Re: Gnome 2.6: What were you thinking?

El jue, 13-05-2004 a las 17:18, jamie escribió:
> On Thu, 2004-05-13 at 21:33, John (J5) Palmieri wrote:
> > > 
> > > Well, quite a few people don't think that was a 'very good idea'.
> > And quite a few people do.  Really any change like this is going to have
> > people who love it and people who hate it.  Thats just life.  Should we
> > just freeze the desktop where it is right now and never make a single
> > change?  The thing I don't get is what the argument is about.  
> The big problem is that spatial mode is on by default and the default
> left click pops up new windows. Therefore for your Joe average user who
> only left clicks at things he/she will quickly end up with a cluttered
> mess of windows on the screen. 

Only and only if he/she has a deep directory hierarchy

An average user just need to go to Documents, Music, Network, CDrom, DVD
and that sort of _places_.  In that case  browsing to /mnt/cdrom or
browsing to /home/user/download/thisweek/music doesn't make sense

If you think about open a lot of windows because of the need of
traversing directories then you are thinking about browsing and not
about spatial mode.  Most advanced users use deep folders, like a the
file organization of a software proyect for example, but for an average
user, that level of organization is only noise.

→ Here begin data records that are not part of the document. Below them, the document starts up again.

lemma mat_norm2_plus_vec_norm2_le_of_rank_one_correction:
  fixes D H :: "'n::finite \<Rightarrow> 'n \<Rightarrow> real"
  assumes c: "0 < c" "c \<le> a" and u: "0 < u" and b: "\<bar>b\<bar> * u\<^sup>2 \<le> C0 * a"
    and H: "\<And>i j. a * H i j = D i j - 2 * b * u * (g i * g j)"
  shows "mat_norm2 H + (vec_norm2 g / (4 * u))\<^sup>2
    \<le> (3 + 8 * C0\<^sup>2) / c^3 * (a * mat_norm2 D + a^3 * (vec_norm2 g)\<^sup>2 / u\<^sup>2)"
proof -
  define N where "N = mat_norm2 D"
  define G where "G = vec_norm2 g"
  have a: "a > 0" and ac: "c^3 \<le> a^3"
    using c by (auto intro: power_mono)
  have "2 * N / a\<^sup>2 \<le> 2 / c^3 * (a * N)"
  proof -
    have "2 * N / a\<^sup>2 = 2 * (a * N) / a^3"
      using a by (simp add: power2_eq_square power3_eq_cube)
    also have "\<dots> \<le> 2 * (a * N) / c^3"
      using a ac c N_def mat_norm2_nonneg[of D] by (intro divide_left_mono) auto
    finally show ?thesis
      by simp
  qed
  moreover have "8 * C0\<^sup>2 * G\<^sup>2 / u\<^sup>2 + (G / (4 * u))\<^sup>2 = (8 * C0\<^sup>2 + 1/16) * (G\<^sup>2 / u\<^sup>2)"
    using u by (simp add: power_divide power_mult_distrib field_simps)
  ultimately have "mat_norm2 H + (G / (4 * u))\<^sup>2 \<le> 2 / c^3 * (a * N) + (8 * C0\<^sup>2 + 1/16) * (G\<^sup>2 / u\<^sup>2)"
    using mat_norm2_le_of_rank_one_correction[where H=H and D=D and g=g, OF a u b H] unfolding N_def[symmetric] G_def[symmetric]
    by linarith
  also have "\<dots> \<le> (3 + 8 * C0\<^sup>2) / c^3 * (a * N) + (3 + 8 * C0\<^sup>2) / c^3 * (a^3 * G\<^sup>2 / u\<^sup>2)"
  proof (intro add_mono)
    show "2 / c^3 * (a * N) \<le> (3 + 8 * C0\<^sup>2) / c^3 * (a * N)"
      using a c N_def mat_norm2_nonneg[of D] by (intro mult_right_mono divide_right_mono) auto
    have "(8 * C0\<^sup>2 + 1/16) * (G\<^sup>2 / u\<^sup>2) \<le> (3 + 8 * C0\<^sup>2) * (G\<^sup>2 / u\<^sup>2)"
      by (intro mult_right_mono) auto
    also have "\<dots> \<le> (3 + 8 * C0\<^sup>2) * (G\<^sup>2 / u\<^sup>2) * (a^3 / c^3)"
      using ac c mult_left_mono[of 1 "a^3 / c^3" "(3 + 8 * C0\<^sup>2) * (G\<^sup>2 / u\<^sup>2)"] by simp
    finally show "(8 * C0\<^sup>2 + 1/16) * (G\<^sup>2 / u\<^sup>2) \<le> (3 + 8 * C0\<^sup>2) / c^3 * (a^3 * G\<^sup>2 / u\<^sup>2)"
      by (simp add: ac_simps)
  qed
  finally show ?thesis
    by (simp add: N_def G_def distrib_left)
qed

locale torus_density =
  fixes C0 T :: real and \<rho> :: "real \<times> (real^'n::finite) \<Rightarrow> real" and h \<phi> :: "real \<Rightarrow> real"
  assumes hyps: "hyps5p1 C0 T \<rho> h \<phi>"
begin

definition U :: "(real \<times> (real^'n)) set" where
  "U = {0<..<T} \<times> UNIV"

definition space_axis :: "'n \<Rightarrow> real \<times> (real^'n)" where
  "space_axis i = (0, axis i 1)"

> It would have been safer to make browse the default and spatial as
> optional cause I'm quite concerned that companies who are looking at
> Gnome to replace their windows boxes might be put off by spatial mode's
> heavy clutter (and after all the negative press they are bound to look
> very closely at this feature).

A new user will have an empty desktop and home directory and will put
his/her things in appropiate _places_ as he/she wants.  No need for deep

Have you seen that most windows users put a lot of files/folders in
their desktop?

>  Using spatial in an efficient manner to
> avoid this problem is not intuitive for most such users (and they would
> need some training to use it right).

I don't think so.  Just think of putting things here and there.  Higher
level of classifications, or locating things like /mnt/cdrom may need
training instead

> Then using it correctly also has problems. If I middle click folders
> then I sometimes get very disorientating results. By not reusing the
> existing window and instead popping up a window on the other side of the
> screen with a different size and shape I find It less efficient cause my
> focus, attention and mouse pointer is located over the window that gets
> closed and having to readjust wastes time and annoys me. 

It's because you are used to browser your files, not to open/activate

What if I say that I get very disoriented when my documents contents are
replaced by the thrash contents in the same window?

> A browser view
> would always be more efficient in this regard. 
> As for ease of use, I dont see anything in spatial mode which makes
> things easier.

So you should use browse mode instead

>  If tree views in browser mode are a problem for some
> users then my tabbed nautilus proposal would solve that (the tabs in
> nautilus would represent the directory hierarchy of the current
> directory so allowing fast navigation up and down the directory tree).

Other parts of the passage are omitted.